● **GIVEN DATA**:
lemma sum_Bernstein_deriv_fst:
  "(\<Sum>a\<le>m. \<Sum>b\<le>n. h (a, b) * Bernstein_deriv m a x * w b)
   = real m * (\<Sum>a<m. \<Sum>b\<le>n. (h (Suc a, b) - h (a, b)) * Bernstein (m - 1) a x * w b)"
proof -
  have "(\<Sum>a\<le>m. \<Sum>b\<le>n. h (a, b) * Bernstein_deriv m a x * w b)
      = (\<Sum>b\<le>n. \<Sum>a\<le>m. (h (a, b) * w b) * Bernstein_deriv m a x)"
    by (subst sum.swap) (simp add: mult_ac)
  also have "\<dots> = (\<Sum>b\<le>n. real m * (\<Sum>a<m. (h (Suc a, b) * w b - h (a, b) * w b) * Bernstein (m - 1) a x))"
    by (simp only: sum_Bernstein_deriv)
  also have "\<dots> = real m * (\<Sum>a<m. \<Sum>b\<le>n. (h (Suc a, b) - h (a, b)) * Bernstein (m - 1) a x * w b)"
    by (simp add: sum_distrib_left algebra_simps sum.swap[of _ "{..n}"])
  finally show ?thesis .
qed

lemma sum_Bernstein_deriv_snd:
  "(\<Sum>a\<le>m. \<Sum>b\<le>n. h (a, b) * w a * Bernstein_deriv n b y)
   = real n * (\<Sum>a\<le>m. \<Sum>b<n. (h (a, Suc b) - h (a, b)) * w a * Bernstein (n - 1) b y)"
proof -
  have "(\<Sum>a\<le>m. \<Sum>b\<le>n. h (a, b) * w a * Bernstein_deriv n b y)
      = (\<Sum>a\<le>m. real n * (\<Sum>b<n. (h (a, Suc b) * w a - h (a, b) * w a) * Bernstein (n - 1) b y))"
    by (simp only: sum_Bernstein_deriv)
  also have "\<dots> = real n * (\<Sum>a\<le>m. \<Sum>b<n. (h (a, Suc b) - h (a, b)) * w a * Bernstein (n - 1) b y)"
    by (simp add: sum_distrib_left algebra_simps)
  finally show ?thesis .
qed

● **ACTIVITY**: What is needed here is every record above, repeated exactly.

● **ANSWER TO THE PROBLEM**:
lemma sum_Bernstein_deriv_fst:
  "(\<Sum>a\<le>m. \<Sum>b\<le>n. h (a, b) * Bernstein_deriv m a x * w b)
   = real m * (\<Sum>a<m. \<Sum>b\<le>n. (h (Suc a, b) - h (a, b)) * Bernstein (m - 1) a x * w b)"
proof -
  have "(\<Sum>a\<le>m. \<Sum>b\<le>n. h (a, b) * Bernstein_deriv m a x * w b)
      = (\<Sum>b\<le>n. \<Sum>a\<le>m. (h (a, b) * w b) * Bernstein_deriv m a x)"
    by (subst sum.swap) (simp add: mult_ac)
  also have "\<dots> = (\<Sum>b\<le>n. real m * (\<Sum>a<m. (h (Suc a, b) * w b - h (a, b) * w b) * Bernstein (m - 1) a x))"
    by (simp only: sum_Bernstein_deriv)
  also have "\<dots> = real m * (\<Sum>a<m. \<Sum>b\<le>n. (h (Suc a, b) - h (a, b)) * Bernstein (m - 1) a x * w b)"
    by (simp add: sum_distrib_left algebra_simps sum.swap[of _ "{..n}"])
  finally show ?thesis .
qed

lemma sum_Bernstein_deriv_snd:
  "(\<Sum>a\<le>m. \<Sum>b\<le>n. h (a, b) * w a * Bernstein_deriv n b y)
   = real n * (\<Sum>a\<le>m. \<Sum>b<n. (h (a, Suc b) - h (a, b)) * w a * Bernstein (n - 1) b y)"
proof -
  have "(\<Sum>a\<le>m. \<Sum>b\<le>n. h (a, b) * w a * Bernstein_deriv n b y)
      = (\<Sum>a\<le>m. real n * (\<Sum>b<n. (h (a, Suc b) * w a - h (a, b) * w a) * Bernstein (n - 1) b y))"
    by (simp only: sum_Bernstein_deriv)
  also have "\<dots> = real n * (\<Sum>a\<le>m. \<Sum>b<n. (h (a, Suc b) - h (a, b)) * w a * Bernstein (n - 1) b y)"
    by (simp add: sum_distrib_left algebra_simps)
  finally show ?thesis .
qed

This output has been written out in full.